DE10137012B4 - X-ray diagnostic device with a planar solid-state X-ray image converter - Google Patents

Abstract

X-ray diagnostic device comprising an X-ray tube (1), an X-ray generator (2), a planar solid-state X-ray image converter (5), the matrix-like arranged pixel elements (12) and an absorber layer (13) for X-rays (15), an image system (6) and a A reproducing apparatus (8), wherein the absorber layer (13) has scintillator grains (18) embedded in a photosensitive polymer (17), and the photosensitive polymer (17) changes its conductivity on exposure, characterized in that the ratio (a / l) of the median Distance (a) of two scintillator grains (18) to average free path of the photons emitted by the scintillator grains (18) in the polymer (1) has values between 0.5 and 5.

Description

The invention relates to an X-ray diagnostic device comprising an X-ray tube, an X-ray generator, a planar solid-state X-ray image converter having pixel elements arranged in matrix form and an X-ray absorber layer, an image system and a reproduction device, wherein the absorber layer has scintillator grains embedded in a photosensitive polymer which, on exposure, have its Conductivity changes.

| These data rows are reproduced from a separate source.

(* In the Classified Reallocation algorithm (with power-of-two laxities), in any round, the number of clients reallocated out of the big channel during the processing of that round's arrival is at most half of the number of clients active in the system at that round.
   Context: Model: discrete time; each client $c_i$ has arrival time, departure time and laxity $w_i$ (a power of $2$), and must transmit at least once in every $w_i$ consecutive time steps while active; one transmission per channel per time step. A round is the period between consecutive events, each round containing exactly one arrival or departure. A reallocation is a change of the channel of a client. For $x>0$, $\lceil\lceil x\rceil\rceil$ denotes the smallest power of $2$ not smaller than $x$. Classified Reallocation algorithm. Channels: one \emph{big channel} (all its clients transmit with period $\tau/2$) and \emph{$w$-channels} for powers of two $w$ (clients transmit with period $w$; at most $w$ clients; \emph{full} when holding $w$). State: $n$ (active clients, initially $0$), threshold $\tau$ (initially $2$). Arrival of $c_i$: $n\leftarrow n+1$. If $2\lceil\lceil n\rceil\rceil>\tau$: $\tau\leftarrow 2\lceil\lceil n\rceil\rceil$; each big-channel client $c_j$ with $w_j<\tau/2$ is reallocated to the non-full $w_j$-channel of minimum load (a new one reserved if needed); remaining big-channel clients get period $\tau/2$. Then if $w_i\ge\tau$, $c_i$ goes to the big channel; otherwise to the non-full $w_i$-channel of minimum load (new one reserved if needed). Departure of $c_i$ from channel $c$: $n\leftarrow n-1$. If $c$ is not the big channel: release $c$ if empty; otherwise if some $w_i$-channel $c'\ne c$ is not full, move one client from $c'$ to $c$. Then if $2\lceil\lceil n\rceil\rceil<\tau$: $\tau\leftarrow 2\lceil\lceil n\rceil\rceil$, big-channel clients get period $\tau/2$, and every $w$-channel with $w>2\tau$ has all its clients reallocated to the big channel and is released. *)

theory Defs
  imports Main
begin

text \<open>A channel exists (is reserved) exactly when it holds
at least one client; an emptied channel is thereby released.\<close>

definition pow2 :: "nat \<Rightarrow> bool" where
  "pow2 p \<longleftrightarrow> (\<exists>k. p = 2 ^ k)"

definition ceilpow :: "nat \<Rightarrow> nat" where
  "ceilpow x = (LEAST p. pow2 p \<and> x \<le> p)"

datatype chan = Big | WCh nat nat  (* WCh w k : the k-th w-channel *)

record state =
  nn   :: nat                       (* number of active clients *)
  tau  :: nat
  asg  :: "nat \<Rightarrow> chan option"      (* channel of each client; None = inactive *)
  lax  :: "nat \<Rightarrow> nat"

definition init :: state where
  "init = \<lparr>nn = 0, tau = 2, asg = (\<lambda>_. None), lax = (\<lambda>_. 0)\<rparr>"

definition load :: "(nat \<Rightarrow> chan option) \<Rightarrow> chan \<Rightarrow> nat" where
  "load f c = card {j. f j = Some c}"

definition nonfull :: "(nat \<Rightarrow> chan option) \<Rightarrow> nat \<Rightarrow> nat \<Rightarrow> bool" where
  "nonfull f w k \<longleftrightarrow> 0 < load f (WCh w k) \<and> load f (WCh w k) < w"

inductive insert_w :: "(nat \<Rightarrow> chan option) \<Rightarrow> nat \<Rightarrow> nat \<Rightarrow> (nat \<Rightarrow> chan option) \<Rightarrow> bool" where
  to_min: "nonfull f w k \<Longrightarrow> (\<forall>k'. nonfull f w k' \<longrightarrow> load f (WCh w k) \<le> load f (WCh w k'))
     \<Longrightarrow> insert_w f j w (f(j := Some (WCh w k)))"
| to_new: "(\<forall>k'. \<not> nonfull f w k') \<Longrightarrow> load f (WCh w k) = 0
     \<Longrightarrow> insert_w f j w (f(j := Some (WCh w k)))"

inductive insert_all :: "(nat \<Rightarrow> nat) \<Rightarrow> (nat \<Rightarrow> chan option) \<Rightarrow> nat list \<Rightarrow> (nat \<Rightarrow> chan option) \<Rightarrow> bool" where
  nil: "insert_all L f [] f"
| cons: "insert_w f j (L j) f1 \<Longrightarrow> insert_all L f1 js f2 \<Longrightarrow> insert_all L f (j # js) f2"

inductive place :: "(nat \<Rightarrow> chan option) \<Rightarrow> nat \<Rightarrow> nat \<Rightarrow> nat \<Rightarrow> (nat \<Rightarrow> chan option) \<Rightarrow> bool" where
  big: "t \<le> w \<Longrightarrow> place f i w t (f(i := Some Big))"
| small: "w < t \<Longrightarrow> insert_w f i w f' \<Longrightarrow> place f i w t f'"

text \<open>Arrival of client i with laxity w. The natural number m is the number of
clients reallocated out of the big channel while processing this arrival.\<close>
inductive arrive :: "state \<Rightarrow> nat \<Rightarrow> nat \<Rightarrow> nat \<Rightarrow> state \<Rightarrow> bool" where
  "asg s i = None \<Longrightarrow> pow2 w \<Longrightarrow>
   t' = (if 2 * ceilpow (nn s + 1) > tau s then 2 * ceilpow (nn s + 1) else tau s) \<Longrightarrow>
   M = (if 2 * ceilpow (nn s + 1) > tau s
        then {j. asg s j = Some Big \<and> lax s j < t' div 2} else {}) \<Longrightarrow>
   distinct js \<Longrightarrow> set js = M \<Longrightarrow>
   insert_all (lax s) (asg s) js f2 \<Longrightarrow>
   place f2 i w t' f3 \<Longrightarrow>
   arrive s i w (card M) \<lparr>nn = nn s + 1, tau = t', asg = f3, lax = (lax s)(i := w)\<rparr>"

inductive fill :: "(nat \<Rightarrow> chan option) \<Rightarrow> chan \<Rightarrow> nat \<Rightarrow> (nat \<Rightarrow> chan option) \<Rightarrow> bool" where
  big: "fill f Big w f"
| empty: "load f c = 0 \<Longrightarrow> fill f c w f"
| none: "c \<noteq> Big \<Longrightarrow> 0 < load f c \<Longrightarrow> (\<forall>k'. WCh w k' \<noteq> c \<longrightarrow> \<not> nonfull f w k') \<Longrightarrow> fill f c w f"
| move: "c \<noteq> Big \<Longrightarrow> 0 < load f c \<Longrightarrow> WCh w k' \<noteq> c \<Longrightarrow> nonfull f w k' \<Longrightarrow>
         f j = Some (WCh w k') \<Longrightarrow> fill f c w (f(j := Some c))"

definition demote :: "nat \<Rightarrow> (nat \<Rightarrow> chan option) \<Rightarrow> (nat \<Rightarrow> chan option)" where
  "demote t f = (\<lambda>j. case f j of Some (WCh w k) \<Rightarrow> (if 2 * t < w then Some Big else f j) | _ \<Rightarrow> f j)"

inductive depart :: "state \<Rightarrow> nat \<Rightarrow> state \<Rightarrow> bool" where
  "asg s i = Some c \<Longrightarrow>
   fill ((asg s)(i := None)) c (lax s i) f1 \<Longrightarrow>
   t' = (if 2 * ceilpow (nn s - 1) < tau s then 2 * ceilpow (nn s - 1) else tau s) \<Longrightarrow>
   f2 = (if 2 * ceilpow (nn s - 1) < tau s then demote t' f1 else f1) \<Longrightarrow>
   depart s i \<lparr>nn = nn s - 1, tau = t', asg = f2, lax = lax s\<rparr>"

inductive reach :: "state \<Rightarrow> bool" where
  init: "reach init"
| arr: "reach s \<Longrightarrow> arrive s i w m s' \<Longrightarrow> reach s'"
| dep: "reach s \<Longrightarrow> depart s i s' \<Longrightarrow> reach s'"

end

theory Submission
  imports Defs
begin

text \<open>The key invariant is that for every x at most x/2 clients of the big channel
have laxity at most x. A client enters the big channel either on arrival, with laxity
at least the threshold \<open>\<tau> = 2\<lceil>\<lceil>n\<rceil>\<rceil>\<close>, or by demotion, with laxity above \<open>2\<tau>\<close>; in both
cases the new laxities are at least \<open>\<tau>\<close>, which is at least twice the number of clients,
so the invariant survives every round. When an arrival raises the threshold, n is a
power of two, and the clients evicted from the big channel have power-of-two laxities
below \<open>\<lceil>\<lceil>n + 1\<rceil>\<rceil> = 2n\<close>, i.e. at most n; by the invariant there are at most n/2 of them.\<close>

lemma pow2_ceilpow: "pow2 (ceilpow n)"
  and le_ceilpow: "n \<le> ceilpow n"
proof -
  have "pow2 (2 ^ n) \<and> n \<le> 2 ^ n" by (auto simp: pow2_def less_imp_le)
  then have "pow2 (ceilpow n) \<and> n \<le> ceilpow n" unfolding ceilpow_def by (rule LeastI)
  then show "pow2 (ceilpow n)" "n \<le> ceilpow n" by simp_all
qed

lemma ceilpow_least: "pow2 p \<Longrightarrow> n \<le> p \<Longrightarrow> ceilpow n \<le> p"
  unfolding ceilpow_def by (rule Least_le) simp

lemma ceilpow_mono: "n \<le> m \<Longrightarrow> ceilpow n \<le> ceilpow m"
  using ceilpow_least[OF pow2_ceilpow, of n m] le_ceilpow[of m] by simp

lemma ceilpow_0: "ceilpow 0 = 1"
  unfolding ceilpow_def by (rule Least_equality) (auto simp: pow2_def intro: exI[of _ 0])

lemma pow2_le_if_less_double:
  assumes "pow2 a" "pow2 b" "a < 2 * b"
  shows "a \<le> b"
proof -
  obtain x y where xy: "a = 2 ^ x" "b = 2 ^ y" using assms(1,2) by (auto simp: pow2_def)
  with assms(3) have "(2::nat) ^ x < 2 ^ Suc y" by simp
  then have "x < Suc y" using power_strict_increasing_iff[of "2::nat" x "Suc y"] by simp
  then have "x \<le> y" by simp
  then show ?thesis using xy by (simp add: power_increasing)
qed

lemma ceilpow_Suc_le_double: "ceilpow (Suc n) \<le> 2 * ceilpow n"
proof (rule ceilpow_least)
  obtain k where "ceilpow n = 2 ^ k" using pow2_ceilpow[of n] by (auto simp: pow2_def)
  then show "pow2 (2 * ceilpow n)" by (auto simp: pow2_def intro: exI[of _ "Suc k"])
  have "1 \<le> ceilpow n" using pow2_ceilpow[of n] by (auto simp: pow2_def)
  then show "Suc n \<le> 2 * ceilpow n" using le_ceilpow[of n] by linarith
qed

lemma ceilpow_le_self_if_less_ceilpow_Suc:
  assumes "ceilpow n < ceilpow (Suc n)"
  shows "ceilpow n \<le> n"
proof (rule ccontr)
  assume "\<not> ceilpow n \<le> n"
  then have "ceilpow (Suc n) \<le> ceilpow n" by (intro ceilpow_least pow2_ceilpow) simp
  with assms show False by simp
qed

definition classified :: "(nat \<Rightarrow> chan option) \<Rightarrow> (nat \<Rightarrow> nat) \<Rightarrow> bool" where
  "classified f L \<longleftrightarrow> (\<forall>j w k. f j = Some (WCh w k) \<longrightarrow> L j = w)"

lemma classified_upd:
  "classified f L \<Longrightarrow> (\<And>v k. c = WCh v k \<Longrightarrow> v = w) \<Longrightarrow> classified (f(j := Some c)) (L(j := w))"
  by (auto simp: classified_def)

lemma insert_w_update: "insert_w f j w f' \<Longrightarrow> \<exists>k. f' = f(j := Some (WCh w k))"
  by (cases rule: insert_w.cases) auto

lemma dom_insert_all: "insert_all L f js f' \<Longrightarrow> dom f' = dom f \<union> set js"
  by (induction rule: insert_all.induct) (auto dest!: insert_w_update)

lemma classified_insert_all: "insert_all L f js f' \<Longrightarrow> classified f L \<Longrightarrow> classified f' L"
proof (induction rule: insert_all.induct)
  case (cons f j L f1 js f2)
  then obtain k where "f1 = f(j := Some (WCh (L j) k))" using insert_w_update by blast
  then have "classified f1 L" using classified_upd[OF cons.prems, of "WCh (L j) k" "L j" j] by simp
  then show ?case by (rule cons.IH)
qed

lemma insert_all_Big:
  "insert_all L f js f' \<Longrightarrow> f' j = Some Big \<Longrightarrow> f j = Some Big \<and> j \<notin> set js"
  by (induction rule: insert_all.induct) (auto dest!: insert_w_update split: if_splits)

lemma place_update:
  "place f i w t f' \<Longrightarrow> t \<le> w \<and> f' = f(i := Some Big) \<or> (\<exists>k. f' = f(i := Some (WCh w k)))"
  by (cases rule: place.cases) (auto dest: insert_w_update)

lemma dom_place: "place f i w t f' \<Longrightarrow> dom f' = insert i (dom f)"
  by (auto dest!: place_update)

lemma classified_place: "place f i w t f' \<Longrightarrow> classified f L \<Longrightarrow> classified f' (L(i := w))"
  by (auto dest!: place_update intro!: classified_upd)

lemma place_Big:
  "place f i w t f' \<Longrightarrow> f' j = Some Big \<Longrightarrow> j = i \<and> t \<le> w \<or> j \<noteq> i \<and> f j = Some Big"
  by (auto dest!: place_update split: if_splits)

In the 1 is one of the DE 195 27 148 C1 known X-ray diagnostic device with one of a high voltage generator 1 high and heating voltage powered x-ray tube 2 shown a cone-shaped X-ray radiation 3 generates a patient 4 penetrates and on one for x-ray radiation 3 sensitive, areal solid-state X-ray image converter 5 Beam images generated. The output signal of the solid-state X-ray image converter 5 , the image data 6 , becomes an image system 7 fed. The picture system 7 may comprise converters, image memories and processing circuits. It is for displaying the acquired X-ray images with a monitor 8th connected. controls 9 are via a system control and communication 10 connected to the other components of the X-ray diagnostic device.

There are solid-state matrix X-ray detectors using amorphous selenium as the absorbing layer, as described, for example, in "Imaging Performance of a Direct Digital Radiographic Detector Using Selenium and a Thin Film Transistor Array", DL Lee et al, Proceedings CAR '96 Elsevier 1996, pages 41 to 46.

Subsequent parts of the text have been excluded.